Mas a consciência anestésica realmente se torna um problema quando os paralíticos são usados, uma vez que os pacientes não podem mover-se para deixar os médicos saberem que estão recuperando a consciência. Os médicos devem recorrer a métodos sutis, muitas vezes pouco confiáveis, para monitorar a consciência das pessoas.
Por exemplo, aumento da frequência cardíaca e da pressão arterial pode sinalizar aos médicos que um paciente está estressado e possivelmente acordado. Mas as drogas administradas antes ou durante a operação podem bloquear a resposta do corpo ao estresse. Além disso, embora os médicos meçam continuamente o nível de gás anestésico nos pulmões do paciente para assegurar uma dosagem apropriada, o gás pode afetar cada pessoa de maneira diferente.
Monitores de cérebro, que controlam a atividade elétrica no cérebro, foram apontados como uma possível solução para o problema. Os médicos podem usar os monitores para manter a atividade cerebral abaixo de um determinado limiar durante a cirurgia.
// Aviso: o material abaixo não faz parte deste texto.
lemma dbl_forms_dehomogenize:
  fixes p q :: int
  assumes "q \<noteq> 0"
  defines "x \<equiv> of_int p / of_int q :: rat"
  defines "F \<equiv> of_int a * x^3 + of_int b * x^2 + of_int c * x + of_int e"
    and "F' \<equiv> 3 * of_int a * x^2 + 2 * of_int b * x + of_int c"
  shows "of_int (binary_form dbl_den p q) = 4 * of_int a * of_int q ^ 4 * F"
    and "of_int (binary_form dbl_num p q)
           = of_int q ^ 4 * (F'^2 - (4 * of_int b + 8 * of_int a * x) * F)"
  using assms by (simp_all add: dbl_den_def dbl_num_def F_def F'_def x_def field_simps
      power2_eq_square power3_eq_cube power4_eq_xxxx)

definition dbl_x :: "int \<Rightarrow> int \<Rightarrow> rat" where
  "dbl_x p q = of_int (binary_form dbl_num p q) / of_int (binary_form dbl_den p q)"

lemma double_x_coordinate:
  assumes "d \<noteq> 0" "on_curve f d (Pt x y)" "y \<noteq> 0" "quotient_of x = (p, q)"
  shows "binary_form dbl_den p q \<noteq> 0"
    and "\<exists>y'. ec_add f d (Pt x y) (Pt x y) = Pt (dbl_x p q) y'"
proof -
  define F where "F = of_int a * x^3 + of_int b * x^2 + of_int c * x + (of_int e :: rat)"
  define F' where "F' = 3 * of_int a * x^2 + 2 * of_int b * x + (of_int c :: rat)"
  define l where "l = F' / (2 * of_int d * y)"
  have "q > 0" and x_eq: "x = of_int p / of_int q"
    using assms(4) quotient_of_denom_pos quotient_of_div by blast+
  have "(of_int a :: rat) \<noteq> 0" "(of_int d :: rat) \<noteq> 0"
    using leading_coeff_nonzero \<open>d \<noteq> 0\<close> by simp_all
  have curve: "of_int d * y^2 = F" using assms(2) by (simp add: on_curve_Pt_iff F_def)
  then have "F \<noteq> 0" using \<open>y \<noteq> 0\<close> \<open>of_int d \<noteq> 0\<close> by auto
  then have "(of_int (binary_form dbl_den p q) :: rat) \<noteq> 0"
    using \<open>q > 0\<close> \<open>of_int a \<noteq> 0\<close> by (simp add: dbl_forms_dehomogenize x_eq[symmetric] F_def)
  then show "binary_form dbl_den p q \<noteq> 0" by simp
  have "of_int d * l^2 = F'^2 / (4 * F)"
    unfolding l_def curve[symmetric] using \<open>y \<noteq> 0\<close> \<open>of_int d \<noteq> 0\<close>
    by (simp add: field_simps power2_eq_square)
  then have "(of_int d * l^2 - of_int b) / of_int a - x - x
      = (F'^2 - (4 * of_int b + 8 * of_int a * x) * F) / (4 * of_int a * F)"
    using \<open>F \<noteq> 0\<close> \<open>of_int a \<noteq> 0\<close> by (simp add: field_simps)
  also have "\<dots> = dbl_x p q"
    using \<open>q > 0\<close> by (simp add: dbl_x_def dbl_forms_dehomogenize x_eq[symmetric] F_def F'_def)
  finally show "\<exists>y'. ec_add f d (Pt x y) (Pt x y) = Pt (dbl_x p q) y'"
    using \<open>y \<noteq> 0\<close> by (simp add: ec_add_tangent Let_def l_def F'_def)
qed

lemma rat_height_double_upper:
  "\<exists>B. \<forall>x p q. quotient_of x = (p, q) \<longrightarrow> binary_form dbl_den p q \<noteq> 0 \<longrightarrow>
     rat_height (dbl_x p q) \<le> B * rat_height x ^ 4"
proof -
  define B where "B = max (sum_list (map abs dbl_num)) (sum_list (map abs dbl_den))"
  have "rat_height (dbl_x p q) \<le> B * rat_height x ^ 4"
    if "quotient_of x = (p, q)" "binary_form dbl_den p q \<noteq> 0" for x p q
  proof -
    have M: "rat_height x = max \<bar>p\<bar> \<bar>q\<bar>" using that(1) by (simp add: rat_height_def)
    have "length dbl_num = 5" "length dbl_den = 5" by (simp_all add: dbl_num_def dbl_den_def)
    then have "max \<bar>binary_form dbl_num p q\<bar> \<bar>binary_form dbl_den p q\<bar> \<le> B * rat_height x ^ 4"
      using abs_binary_form_le[of p "rat_height x" q dbl_num]
        abs_binary_form_le[of p "rat_height x" q dbl_den] unfolding M B_def
      by (auto intro: order_trans[OF _ mult_right_mono])
    then show ?thesis
      unfolding dbl_x_def by (rule order_trans[OF rat_height_fraction_le[OF that(2)]])
  qed
  then show ?thesis by blast
qed

lemma rat_height_double_lower:
  "\<exists>B. \<forall>x p q. quotient_of x = (p, q) \<longrightarrow> binary_form dbl_den p q \<noteq> 0 \<longrightarrow>
     rat_height x ^ 4 \<le> B * rat_height (dbl_x p q)"
proof -
  define S :: "int list \<Rightarrow> int" where "S ws = sum_list (map abs ws)" for ws
  define B where "B = max (S elim_p_num + S elim_p_den) (\<bar>a\<bar>^3 * (S elim_q_num + S elim_q_den))"
  have "rat_height x ^ 4 \<le> B * rat_height (dbl_x p q)"
    if "quotient_of x = (p, q)" "binary_form dbl_den p q \<noteq> 0" for x p q
  proof -
    define N where "N = binary_form dbl_num p q"
    define D where "D = binary_form dbl_den p q"
    define M where "M = max \<bar>p\<bar> \<bar>q\<bar>"
    have "M = rat_height x" using that(1) by (simp add: M_def rat_height_def)
    then have "1 \<le> M" using rat_height_ge_1 by simp
    have form_le: "\<bar>binary_form ws p q\<bar> \<le> S ws * M ^ (length ws - 1)" for ws
      unfolding S_def M_def by (rule abs_binary_form_le) auto
    obtain p' q' where pq': "quotient_of (of_int N / of_int D) = (p', q')" by fastforce
    then obtain k where "N = k * p'" "D = k * q'"
      using quotient_of_fraction \<open>binary_form dbl_den p q \<noteq> 0\<close> unfolding D_def by blast
    have "length elim_p_num = 4" "length elim_p_den = 4" "length elim_q_num = 4"
      "length elim_q_den = 4"
      by (simp_all add: elim_p_num_def elim_p_den_def elim_q_num_def elim_q_den_def)
    then have "\<bar>binary_form elim_p_num p q\<bar> + \<bar>binary_form elim_p_den p q\<bar>
          \<le> (S elim_p_num + S elim_p_den) * M ^ 3"
        "\<bar>a^3 * binary_form elim_q_num p q\<bar> + \<bar>a^3 * binary_form elim_q_den p q\<bar>
          \<le> \<bar>a\<bar>^3 * ((S elim_q_num + S elim_q_den) * M ^ 3)"
      using form_le[of elim_p_num] form_le[of elim_p_den] form_le[of elim_q_num]
        form_le[of elim_q_den]
      by (simp_all add: abs_mult power_abs distrib_right mult_left_mono flip: distrib_left)
    moreover have "(S elim_p_num + S elim_p_den) * M ^ 3 \<le> B * M ^ 3"
        "\<bar>a\<bar>^3 * ((S elim_q_num + S elim_q_den) * M ^ 3) \<le> B * M ^ 3"
      unfolding B_def mult.assoc[symmetric] using \<open>1 \<le> M\<close> by (intro mult_right_mono; simp)+
    ultimately have bound_p:
        "\<bar>binary_form elim_p_num p q\<bar> + \<bar>binary_form elim_p_den p q\<bar> \<le> B * M ^ 3"
      and bound_q: "\<bar>a^3 * binary_form elim_q_num p q\<bar> + \<bar>a^3 * binary_form elim_q_den p q\<bar>
          \<le> B * M ^ 3"
      by linarith+
    have elim_p': "binary_form elim_p_num p q * N + binary_form elim_p_den p q * D
        = 4 * a^3 * \<Delta>^2 * p ^ (3 + 4)"
      using elim_p by (simp add: N_def D_def)
    have elim_q': "(a^3 * binary_form elim_q_num p q) * N + (a^3 * binary_form elim_q_den p q) * D
        = 4 * a^3 * \<Delta>^2 * q ^ (3 + 4)"
      using arg_cong[OF elim_q, of "(*) (a^3)"] by (simp add: N_def D_def algebra_simps)
    have "coprime p q" using that(1) by (rule quotient_of_coprime)
    moreover have "4 * a^3 * \<Delta>^2 \<noteq> 0" using leading_coeff_nonzero disc_nonzero by simp
    ultimately have "M ^ 4 \<le> B * max \<bar>p'\<bar> \<bar>q'\<bar>"
      using coprime_elimination_height_bound[OF _ _ elim_p' elim_q'] bound_p bound_q
        \<open>N = k * p'\<close> \<open>D = k * q'\<close>
      unfolding M_def by blast
    then show ?thesis
      using pq' \<open>M = rat_height x\<close> by (simp add: dbl_x_def N_def D_def rat_height_def)
  qed
  then show ?thesis by blast
qed

lemma hx_double_bound:
  "\<exists>K. \<forall>d P. d \<noteq> 0 \<longrightarrow> on_curve f d P \<longrightarrow> \<bar>hx (ec_add f d P P) - 4 * hx P\<bar> \<le> K"
proof -
  obtain B\<^sub>u B\<^sub>l where
    upper: "\<And>x p q. quotient_of x = (p, q) \<Longrightarrow> binary_form dbl_den p q \<noteq> 0 \<Longrightarrow>
      rat_height (dbl_x p q) \<le> B\<^sub>u * rat_height x ^ 4" and
    lower: "\<And>x p q. quotient_of x = (p, q) \<Longrightarrow> binary_form dbl_den p q \<noteq> 0 \<Longrightarrow>
      rat_height x ^ 4 \<le> B\<^sub>l * rat_height (dbl_x p q)"
    using rat_height_double_upper rat_height_double_lower by blast
  define roots where "roots = {r. poly (map_poly of_int f) r = (0 :: rat)}"
  define K\<^sub>r where "K\<^sub>r = (\<Sum>r\<in>roots. ln (rat_height r))"
  have "finite roots"
    unfolding roots_def using leading_coeff_nonzero
    by (intro poly_roots_finite) (simp add: map_poly_pCons)
  have ln_height_nonneg: "0 \<le> ln (rat_height r)" for r
    using rat_height_ge_1[of r] by simp
  have root_bound: "ln (rat_height r) \<le> K\<^sub>r" if "r \<in> roots" for r
    unfolding K\<^sub>r_def using that ln_height_nonneg \<open>finite roots\<close> by (rule member_le_sum)
  have "0 \<le> K\<^sub>r" unfolding K\<^sub>r_def using ln_height_nonneg by (simp add: sum_nonneg)
  have "\<bar>hx (ec_add f d P P) - 4 * hx P\<bar> \<le> max (max (ln B\<^sub>u) (ln B\<^sub>l)) (4 * K\<^sub>r)"
    if "d \<noteq> 0" "on_curve f d P" for d P
  proof (cases P)
    case Zero_pt
    then show ?thesis using \<open>0 \<le> K\<^sub>r\<close> by simp
  next
    case (Pt x y)
    show ?thesis
    proof (cases "y = 0")
      case True
      then have "x \<in> roots" using \<open>on_curve f d P\<close> Pt by (simp add: on_curve_def roots_def)
      moreover have "ec_add f d P P = Zero_pt" using Pt True ec_add_opposite[of d x 0] by simp
      ultimately show ?thesis
        using Pt root_bound[of x] ln_height_nonneg[of x] by (simp add: hx_Pt)
    next
      case False
      obtain p q where pq: "quotient_of x = (p, q)" by fastforce
      have "on_curve f d (Pt x y)" using \<open>on_curve f d P\<close> Pt by simp
      note double = double_x_coordinate[OF \<open>d \<noteq> 0\<close> this False pq]
      then obtain y' where "ec_add f d P P = Pt (dbl_x p q) y'" using Pt by blast
      moreover have "\<bar>ln (rat_height (dbl_x p q)) - 4 * ln (rat_height x)\<bar> \<le> max (ln B\<^sub>u) (ln B\<^sub>l)"
        using abs_ln_sub_le[of "rat_height x" "rat_height (dbl_x p q)" B\<^sub>u 4 B\<^sub>l]
          upper[OF pq double(1)] lower[OF pq double(1)]
          rat_height_ge_1[of x] rat_height_ge_1[of "dbl_x p q"]
        by (simp flip: of_int_power of_int_mult add: of_int_le_iff)
      ultimately show ?thesis using Pt by (simp add: hx_Pt max.coboundedI1)
    qed
  qed
  then show ?thesis by blast
qed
No entanto, enquanto alguns estudos têm demonstrado um benefício, outros não mostraram nenhuma redução na taxa de consciência anestésica quando os monitores do cérebro são usados.
Sem métodos infalíveis de avaliação de consciência em pacientes paralisados, é inevitável que alguns casos de consciência anestésica sejam reconhecidos somente após a cirurgia, quando o paciente pode comunicar o que aconteceu.
Ainda assim, muito mais pode ser feito para evitar a consciência anestésica, diz Pandit.
Estimuladores de nervos, que medem o grau de paralisia, devem ser usados durante toda a cirurgia para garantir que os médicos só usem a quantidade mínima de paralítico necessário. Isso daria pacientes a capacidade de mover-se se começassem a acordar.
Além disso, educar os pacientes sobre a consciência anestésica antes da cirurgia é crucial. “Os pacientes que foram informados sobre a possível consciência antes da cirurgia estavam preparados e não ficaram angustiados quando a experimentaram”, argumenta.
Por fim, quando a consciência anestésica ocorrer, os médicos precisam ser mais proativos no apoio a pacientes. “Não podemos ignorar as preocupações desses pacientes. Precisamos oferecer tratamento imediato para evitar danos psicológicos a longo prazo”, conclui Pandit.